**Required work:**
Your answer should consist of the lines in the data below that contain "vertices".

**Collected data:**
»»

(* Let $G=(V,E)$ be a graph with a partition $(V_1,V_2)$ of $V$ such that $G[V_1]$ and $G[V_2]$ are $P_5$-free, and let $k$ be an integer. Suppose that: $k\ge 1$; $G$ contains a $P_5$; every vertex of $G$ lies on some $P_5$ in $G$; every $P_5$ in $G$ contains at least $4$ vertices of $V_2$; and there is no vertex $v\in V_2$ that is isolated in $G[V_2]$ and for which there is a path $(v,w,x,y,z)$ in $G$ with $w\in V_1$. Then $G[V_2]$ has no isolated vertices.
   Context: Graphs are finite, simple and undirected. A $P_5$ is a path on $5$ vertices (as a not necessarily induced subgraph), written as the sequence of its vertices; a graph is $P_5$-free if it contains no $P_5$. $G[X]$ denotes the subgraph induced by $X$. *)

theory Defs
  imports Main
begin

definition graph :: "'a set \<Rightarrow> ('a \<Rightarrow> 'a \<Rightarrow> bool) \<Rightarrow> bool" where
  "graph V E \<longleftrightarrow> finite V \<and> (\<forall>u v. E u v \<longrightarrow> E v u) \<and> (\<forall>v. \<not> E v v)
     \<and> (\<forall>u v. E u v \<longrightarrow> u \<in> V \<and> v \<in> V)"

text \<open>A P5 (not necessarily induced) in the subgraph induced by X, written as the
list of its vertices: five distinct vertices of X, consecutive ones adjacent.\<close>
definition is_P5_in :: "'a set \<Rightarrow> ('a \<Rightarrow> 'a \<Rightarrow> bool) \<Rightarrow> 'a list \<Rightarrow> bool" where
  "is_P5_in X E p \<longleftrightarrow> length p = 5 \<and> distinct p \<and> set p \<subseteq> X
     \<and> (\<forall>i < 4. E (p ! i) (p ! Suc i))"

definition P5_free :: "'a set \<Rightarrow> ('a \<Rightarrow> 'a \<Rightarrow> bool) \<Rightarrow> bool" where
  "P5_free X E \<longleftrightarrow> \<not> (\<exists>p. is_P5_in X E p)"

definition isolated_in :: "'a set \<Rightarrow> ('a \<Rightarrow> 'a \<Rightarrow> bool) \<Rightarrow> 'a \<Rightarrow> bool" where
  "isolated_in X E v \<longleftrightarrow> v \<in> X \<and> (\<forall>u\<in>X. \<not> E v u)"

end

theory Submission
  imports Defs
begin

text \<open>An isolated vertex \<open>v\<close> of \<open>G[V\<^sub>2]\<close> lies on some \<open>P\<^sub>5\<close>, and its neighbours
on that path lie in \<open>V\<^sub>1\<close>. If \<open>v\<close> were an inner vertex of the path, it would have two
such neighbours, leaving at most three path vertices in \<open>V\<^sub>2\<close>. So \<open>v\<close> is an end vertex;
reading the path from \<open>v\<close> gives a path \<open>(v, w, x, y, z)\<close> with \<open>w \<in> V\<^sub>1\<close>, which is excluded.\<close>

lemma length_5_conv: "length p = 5 \<longleftrightarrow> (\<exists>a b c d e. p = [a, b, c, d, e])"
  by (auto simp: numeral_eq_Suc length_Suc_conv)

lemma is_P5_in_5_iff:
  "is_P5_in X E [a, b, c, d, e] \<longleftrightarrow> distinct [a, b, c, d, e] \<and> {a, b, c, d, e} \<subseteq> X
     \<and> E a b \<and> E b c \<and> E c d \<and> E d e"
proof -
  have "(\<forall>i<4. E ([a, b, c, d, e] ! i) ([a, b, c, d, e] ! Suc i)) \<longleftrightarrow>
        E a b \<and> E b c \<and> E c d \<and> E d e"
    by (simp add: numeral_eq_Suc less_Suc_eq) blast
  thus ?thesis unfolding is_P5_in_def by auto
qed

lemma is_P5_in_rev:
  assumes sym: "\<And>u w. E u w \<Longrightarrow> E w u" and p: "is_P5_in X E p"
  shows "is_P5_in X E (rev p)"
proof -
  obtain a b c d e where "p = [a, b, c, d, e]"
    using p unfolding is_P5_in_def length_5_conv by blast
  with p show ?thesis by (auto simp: is_P5_in_5_iff intro: sym)
qed

lemma card_Int_add_two_le:
  assumes "finite A" "u \<in> A - X" "w \<in> A - X" "u \<noteq> w"
  shows "card (A \<inter> X) + 2 \<le> card A"
proof -
  have "card (A \<inter> X) \<le> card (A - {u, w})"
    using assms by (intro card_mono) auto
  also have "\<dots> = card A - 2"
    using assms by (simp add: card_Diff_subset)
  finally show ?thesis
    using assms card_mono[of A "{u, w}"] by simp
qed

lemma isolated_on_P5_is_end:
  assumes sym: "\<And>u w. E u w \<Longrightarrow> E w u"
    and iso: "isolated_in X E v"
    and p: "is_P5_in V E p" "v \<in> set p"
    and many: "card (set p \<inter> X) \<ge> 4"
  shows "\<exists>w x y z. is_P5_in V E [v, w, x, y, z] \<and> w \<notin> X"
proof -
  have off_X: "E v u \<Longrightarrow> u \<notin> X" for u
    using iso unfolding isolated_in_def by blast
  obtain a b c d e where pe: "p = [a, b, c, d, e]"
    using p(1) unfolding is_P5_in_def length_5_conv by blast
  have path: "distinct [a, b, c, d, e]" "E a b" "E b c" "E c d" "E d e"
    using p(1) unfolding pe is_P5_in_5_iff by auto
  have not_inner: False if "u \<in> set p" "w \<in> set p" "u \<noteq> w" "E v u" "E v w" for u w
  proof -
    have "card (set p \<inter> X) + 2 \<le> card (set p)"
      using that off_X by (intro card_Int_add_two_le) auto
    also have "card (set p) = 5"
      using p(1) by (simp add: is_P5_in_def distinct_card)
    finally show False using many by simp
  qed
  have "v \<noteq> b" "v \<noteq> c" "v \<noteq> d"
  proof -
    show "v \<noteq> b" using not_inner[of a c] path sym pe by auto
    show "v \<noteq> c" using not_inner[of b d] path sym pe by auto
    show "v \<noteq> d" using not_inner[of c e] path sym pe by auto
  qed
  then consider "v = a" | "v = e" using p(2) pe by auto
  then show ?thesis
  proof cases
    case 1
    then show ?thesis using p(1) pe path(2) off_X by blast
  next
    case 2
    moreover have "is_P5_in V E [e, d, c, b, a]"
      using is_P5_in_rev[OF sym p(1)] pe by simp
    ultimately show ?thesis using path(5) off_X sym by blast
  qed
qed

theorem lemma4:
  fixes V V1 V2 :: "'a set" and E :: "'a \<Rightarrow> 'a \<Rightarrow> bool" and k :: int
  assumes "graph V E"
    and "V1 \<union> V2 = V" and "V1 \<inter> V2 = {}"
    and "P5_free V1 E" and "P5_free V2 E"
    and "k \<ge> 1"
    and "\<exists>p. is_P5_in V E p"
    and "\<forall>v\<in>V. \<exists>p. is_P5_in V E p \<and> v \<in> set p"
    and "\<forall>p. is_P5_in V E p \<longrightarrow> card (set p \<inter> V2) \<ge> 4"
    and "\<not> (\<exists>v\<in>V2. isolated_in V2 E v \<and>
              (\<exists>w x y z. is_P5_in V E [v, w, x, y, z] \<and> w \<in> V1))"
  shows "\<not> (\<exists>v. isolated_in V2 E v)"
proof
  assume "\<exists>v. isolated_in V2 E v"
  then obtain v where iso: "isolated_in V2 E v" by blast
  have sym: "\<And>u w. E u w \<Longrightarrow> E w u" using assms(1) unfolding graph_def by blast
  have "v \<in> V" using iso assms(2) unfolding isolated_in_def by blast
  then obtain p where p: "is_P5_in V E p" "v \<in> set p" using assms(8) by blast
  obtain w x y z where wxyz: "is_P5_in V E [v, w, x, y, z]" "w \<notin> V2"
    using isolated_on_P5_is_end[OF sym iso p] assms(9) p(1) by blast
  then have "w \<in> V1" using assms(2) unfolding is_P5_in_def by auto
  with wxyz iso show False using assms(10) unfolding isolated_in_def by blast
qed

end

««

**Task answer:**
(* Let $G=(V,E)$ be a graph with a partition $(V_1,V_2)$ of $V$ such that $G[V_1]$ and $G[V_2]$ are $P_5$-free, and let $k$ be an integer. Suppose that: $k\ge 1$; $G$ contains a $P_5$; every vertex of $G$ lies on some $P_5$ in $G$; every $P_5$ in $G$ contains at least $4$ vertices of $V_2$; and there is no vertex $v\in V_2$ that is isolated in $G[V_2]$ and for which there is a path $(v,w,x,y,z)$ in $G$ with $w\in V_1$. Then $G[V_2]$ has no isolated vertices.
   Context: Graphs are finite, simple and undirected. A $P_5$ is a path on $5$ vertices (as a not necessarily induced subgraph), written as the sequence of its vertices; a graph is $P_5$-free if it contains no $P_5$. $G[X]$ denotes the subgraph induced by $X$. *)
list of its vertices: five distinct vertices of X, consecutive ones adjacent.\<close>
such neighbours, leaving at most three path vertices in \<open>V\<^sub>2\<close>. So \<open>v\<close> is an end vertex;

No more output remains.